### Exercise data ###

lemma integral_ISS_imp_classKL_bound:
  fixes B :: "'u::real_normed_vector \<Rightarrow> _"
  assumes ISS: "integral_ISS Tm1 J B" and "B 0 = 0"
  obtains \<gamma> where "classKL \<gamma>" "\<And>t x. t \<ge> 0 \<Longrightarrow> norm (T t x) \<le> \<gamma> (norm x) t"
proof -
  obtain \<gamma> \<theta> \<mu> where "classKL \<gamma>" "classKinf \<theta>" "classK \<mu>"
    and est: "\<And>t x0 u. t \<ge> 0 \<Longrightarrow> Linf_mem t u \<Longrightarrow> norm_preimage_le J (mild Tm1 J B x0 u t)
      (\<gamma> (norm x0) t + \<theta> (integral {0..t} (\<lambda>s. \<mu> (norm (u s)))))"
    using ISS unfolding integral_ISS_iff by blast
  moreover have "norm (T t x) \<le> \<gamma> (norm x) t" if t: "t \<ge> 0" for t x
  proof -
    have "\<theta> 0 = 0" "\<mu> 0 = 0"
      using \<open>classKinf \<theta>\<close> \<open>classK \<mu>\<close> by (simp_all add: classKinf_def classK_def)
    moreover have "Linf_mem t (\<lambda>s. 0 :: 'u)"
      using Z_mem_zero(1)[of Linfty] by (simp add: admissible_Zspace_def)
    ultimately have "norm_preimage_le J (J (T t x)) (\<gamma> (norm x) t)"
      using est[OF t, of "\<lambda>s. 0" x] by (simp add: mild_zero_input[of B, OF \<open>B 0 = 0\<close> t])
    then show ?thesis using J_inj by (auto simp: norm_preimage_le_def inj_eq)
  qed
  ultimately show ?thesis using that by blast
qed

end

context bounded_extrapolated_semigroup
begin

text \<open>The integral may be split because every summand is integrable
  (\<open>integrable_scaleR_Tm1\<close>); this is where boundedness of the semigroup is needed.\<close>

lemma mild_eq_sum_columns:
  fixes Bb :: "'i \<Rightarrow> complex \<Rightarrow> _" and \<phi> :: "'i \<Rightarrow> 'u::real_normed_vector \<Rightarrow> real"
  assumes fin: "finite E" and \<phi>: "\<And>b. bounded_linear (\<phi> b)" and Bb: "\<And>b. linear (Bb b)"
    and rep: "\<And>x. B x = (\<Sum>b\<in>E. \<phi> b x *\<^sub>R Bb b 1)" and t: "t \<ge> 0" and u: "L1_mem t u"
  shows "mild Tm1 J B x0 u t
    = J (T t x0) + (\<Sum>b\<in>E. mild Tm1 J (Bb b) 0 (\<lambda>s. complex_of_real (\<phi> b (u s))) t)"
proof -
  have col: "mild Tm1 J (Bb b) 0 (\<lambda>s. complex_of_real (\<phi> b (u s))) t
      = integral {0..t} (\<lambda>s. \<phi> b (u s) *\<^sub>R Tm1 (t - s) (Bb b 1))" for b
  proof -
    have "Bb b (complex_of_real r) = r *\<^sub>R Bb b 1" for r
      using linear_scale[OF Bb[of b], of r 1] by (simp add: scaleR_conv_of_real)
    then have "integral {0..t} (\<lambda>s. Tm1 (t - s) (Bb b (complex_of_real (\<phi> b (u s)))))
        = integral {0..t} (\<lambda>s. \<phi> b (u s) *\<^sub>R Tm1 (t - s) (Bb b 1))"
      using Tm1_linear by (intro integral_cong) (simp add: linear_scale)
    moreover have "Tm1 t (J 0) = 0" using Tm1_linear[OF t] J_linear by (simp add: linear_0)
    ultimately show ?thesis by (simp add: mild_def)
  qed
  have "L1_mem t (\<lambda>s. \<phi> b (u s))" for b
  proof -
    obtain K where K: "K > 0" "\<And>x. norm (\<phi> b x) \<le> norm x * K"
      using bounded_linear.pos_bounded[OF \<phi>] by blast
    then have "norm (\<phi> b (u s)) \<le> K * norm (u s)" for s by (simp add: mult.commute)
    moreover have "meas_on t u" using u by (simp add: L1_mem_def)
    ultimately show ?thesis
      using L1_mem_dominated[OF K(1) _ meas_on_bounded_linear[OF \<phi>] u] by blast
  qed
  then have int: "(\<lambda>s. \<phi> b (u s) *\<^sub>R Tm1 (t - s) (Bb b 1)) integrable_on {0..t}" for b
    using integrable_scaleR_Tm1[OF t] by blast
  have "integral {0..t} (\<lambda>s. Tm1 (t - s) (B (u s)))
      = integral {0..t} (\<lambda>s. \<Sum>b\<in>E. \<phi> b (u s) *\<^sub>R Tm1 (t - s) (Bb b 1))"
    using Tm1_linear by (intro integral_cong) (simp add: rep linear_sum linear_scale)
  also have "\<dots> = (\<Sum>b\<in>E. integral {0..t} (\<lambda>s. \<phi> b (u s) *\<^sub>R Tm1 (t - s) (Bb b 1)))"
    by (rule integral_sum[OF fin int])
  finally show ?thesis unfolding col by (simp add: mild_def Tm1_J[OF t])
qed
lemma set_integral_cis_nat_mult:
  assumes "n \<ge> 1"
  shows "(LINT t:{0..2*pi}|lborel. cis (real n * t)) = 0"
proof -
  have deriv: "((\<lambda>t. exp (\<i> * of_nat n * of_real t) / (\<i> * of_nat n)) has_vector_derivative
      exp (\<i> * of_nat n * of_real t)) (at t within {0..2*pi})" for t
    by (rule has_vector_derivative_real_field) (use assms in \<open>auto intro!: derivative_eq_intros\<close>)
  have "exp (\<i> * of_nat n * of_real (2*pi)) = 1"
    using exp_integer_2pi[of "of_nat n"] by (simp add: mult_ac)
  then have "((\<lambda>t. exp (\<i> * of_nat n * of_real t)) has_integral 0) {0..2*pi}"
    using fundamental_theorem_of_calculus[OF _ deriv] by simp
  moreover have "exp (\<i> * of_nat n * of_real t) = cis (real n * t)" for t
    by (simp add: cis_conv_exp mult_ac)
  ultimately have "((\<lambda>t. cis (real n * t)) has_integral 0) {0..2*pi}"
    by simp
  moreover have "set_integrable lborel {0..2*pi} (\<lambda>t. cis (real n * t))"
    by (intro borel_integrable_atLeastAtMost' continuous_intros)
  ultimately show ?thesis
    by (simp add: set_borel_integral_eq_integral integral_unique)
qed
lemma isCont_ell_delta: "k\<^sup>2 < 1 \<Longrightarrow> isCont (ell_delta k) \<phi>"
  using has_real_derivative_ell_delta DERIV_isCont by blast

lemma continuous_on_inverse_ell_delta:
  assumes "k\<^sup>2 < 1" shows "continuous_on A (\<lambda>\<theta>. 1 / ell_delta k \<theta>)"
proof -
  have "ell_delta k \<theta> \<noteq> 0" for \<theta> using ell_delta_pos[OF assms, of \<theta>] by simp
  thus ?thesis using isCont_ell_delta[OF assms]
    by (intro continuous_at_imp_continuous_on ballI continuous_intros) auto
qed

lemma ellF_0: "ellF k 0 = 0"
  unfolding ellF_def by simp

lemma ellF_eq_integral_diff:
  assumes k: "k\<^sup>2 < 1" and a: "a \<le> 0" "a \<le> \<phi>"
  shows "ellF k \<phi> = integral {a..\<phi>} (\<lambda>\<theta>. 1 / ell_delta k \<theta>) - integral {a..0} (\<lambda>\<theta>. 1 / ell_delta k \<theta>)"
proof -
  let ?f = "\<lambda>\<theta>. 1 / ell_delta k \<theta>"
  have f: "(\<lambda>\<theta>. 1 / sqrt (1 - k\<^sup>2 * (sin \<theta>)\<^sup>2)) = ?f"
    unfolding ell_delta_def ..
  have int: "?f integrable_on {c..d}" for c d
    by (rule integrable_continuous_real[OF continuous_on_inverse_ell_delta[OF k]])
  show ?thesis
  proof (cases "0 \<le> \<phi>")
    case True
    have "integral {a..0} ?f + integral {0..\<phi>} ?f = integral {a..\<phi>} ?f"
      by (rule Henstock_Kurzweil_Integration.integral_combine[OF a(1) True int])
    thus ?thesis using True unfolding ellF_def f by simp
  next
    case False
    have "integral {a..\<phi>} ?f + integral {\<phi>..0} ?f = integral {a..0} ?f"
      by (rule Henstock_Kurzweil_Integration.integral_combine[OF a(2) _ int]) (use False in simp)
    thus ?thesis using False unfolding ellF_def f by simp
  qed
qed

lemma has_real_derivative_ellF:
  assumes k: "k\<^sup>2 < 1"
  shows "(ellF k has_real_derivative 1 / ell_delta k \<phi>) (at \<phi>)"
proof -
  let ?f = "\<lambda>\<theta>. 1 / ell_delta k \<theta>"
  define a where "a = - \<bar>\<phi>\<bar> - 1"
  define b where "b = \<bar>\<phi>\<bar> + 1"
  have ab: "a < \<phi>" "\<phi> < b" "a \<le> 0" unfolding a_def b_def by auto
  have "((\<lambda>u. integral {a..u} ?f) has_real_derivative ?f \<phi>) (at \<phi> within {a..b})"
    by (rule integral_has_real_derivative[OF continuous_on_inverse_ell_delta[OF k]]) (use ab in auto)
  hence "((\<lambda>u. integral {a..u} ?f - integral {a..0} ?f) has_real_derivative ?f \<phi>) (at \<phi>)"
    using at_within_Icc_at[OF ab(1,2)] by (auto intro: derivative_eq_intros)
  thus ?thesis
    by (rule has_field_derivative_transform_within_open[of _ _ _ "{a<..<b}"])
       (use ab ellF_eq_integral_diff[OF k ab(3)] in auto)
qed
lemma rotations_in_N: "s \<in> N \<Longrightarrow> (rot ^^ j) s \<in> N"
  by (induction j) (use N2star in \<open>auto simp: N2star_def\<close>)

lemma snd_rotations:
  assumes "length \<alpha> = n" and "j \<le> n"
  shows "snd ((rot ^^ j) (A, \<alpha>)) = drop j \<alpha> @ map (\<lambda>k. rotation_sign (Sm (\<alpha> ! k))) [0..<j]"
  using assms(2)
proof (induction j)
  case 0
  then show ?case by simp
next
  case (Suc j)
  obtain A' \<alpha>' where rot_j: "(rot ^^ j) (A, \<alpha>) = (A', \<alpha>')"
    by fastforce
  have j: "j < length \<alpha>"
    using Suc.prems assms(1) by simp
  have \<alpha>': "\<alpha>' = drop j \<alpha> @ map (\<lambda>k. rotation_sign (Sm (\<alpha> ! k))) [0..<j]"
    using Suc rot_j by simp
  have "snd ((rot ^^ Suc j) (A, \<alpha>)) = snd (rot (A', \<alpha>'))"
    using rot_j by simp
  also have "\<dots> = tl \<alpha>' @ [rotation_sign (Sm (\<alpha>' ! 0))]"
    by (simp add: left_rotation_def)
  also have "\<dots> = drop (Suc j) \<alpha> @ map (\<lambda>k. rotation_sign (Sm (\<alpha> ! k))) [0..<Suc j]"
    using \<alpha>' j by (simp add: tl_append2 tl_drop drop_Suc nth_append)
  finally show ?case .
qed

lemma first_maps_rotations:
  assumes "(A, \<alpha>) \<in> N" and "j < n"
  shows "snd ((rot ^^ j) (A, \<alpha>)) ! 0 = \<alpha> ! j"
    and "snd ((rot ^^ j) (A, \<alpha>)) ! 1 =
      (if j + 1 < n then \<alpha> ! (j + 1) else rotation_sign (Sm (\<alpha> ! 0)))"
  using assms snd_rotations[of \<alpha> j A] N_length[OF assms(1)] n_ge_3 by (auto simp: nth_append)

###

## Task to complete
Above are the records. Copy the lines beginning at the one that has "ultimately show ?thesis using that by blast" and ending with the one that has "(simp add: linear_scale)", unchanged.

## Result of this task
  ultimately show ?thesis using that by blast
qed

end

context bounded_extrapolated_semigroup
begin

text \<open>The integral may be split because every summand is integrable
  (\<open>integrable_scaleR_Tm1\<close>); this is where boundedness of the semigroup is needed.\<close>

lemma mild_eq_sum_columns:
  fixes Bb :: "'i \<Rightarrow> complex \<Rightarrow> _" and \<phi> :: "'i \<Rightarrow> 'u::real_normed_vector \<Rightarrow> real"
  assumes fin: "finite E" and \<phi>: "\<And>b. bounded_linear (\<phi> b)" and Bb: "\<And>b. linear (Bb b)"
    and rep: "\<And>x. B x = (\<Sum>b\<in>E. \<phi> b x *\<^sub>R Bb b 1)" and t: "t \<ge> 0" and u: "L1_mem t u"
  shows "mild Tm1 J B x0 u t
    = J (T t x0) + (\<Sum>b\<in>E. mild Tm1 J (Bb b) 0 (\<lambda>s. complex_of_real (\<phi> b (u s))) t)"
proof -
  have col: "mild Tm1 J (Bb b) 0 (\<lambda>s. complex_of_real (\<phi> b (u s))) t
      = integral {0..t} (\<lambda>s. \<phi> b (u s) *\<^sub>R Tm1 (t - s) (Bb b 1))" for b
  proof -
    have "Bb b (complex_of_real r) = r *\<^sub>R Bb b 1" for r
      using linear_scale[OF Bb[of b], of r 1] by (simp add: scaleR_conv_of_real)
    then have "integral {0..t} (\<lambda>s. Tm1 (t - s) (Bb b (complex_of_real (\<phi> b (u s)))))
        = integral {0..t} (\<lambda>s. \<phi> b (u s) *\<^sub>R Tm1 (t - s) (Bb b 1))"
      using Tm1_linear by (intro integral_cong) (simp add: linear_scale)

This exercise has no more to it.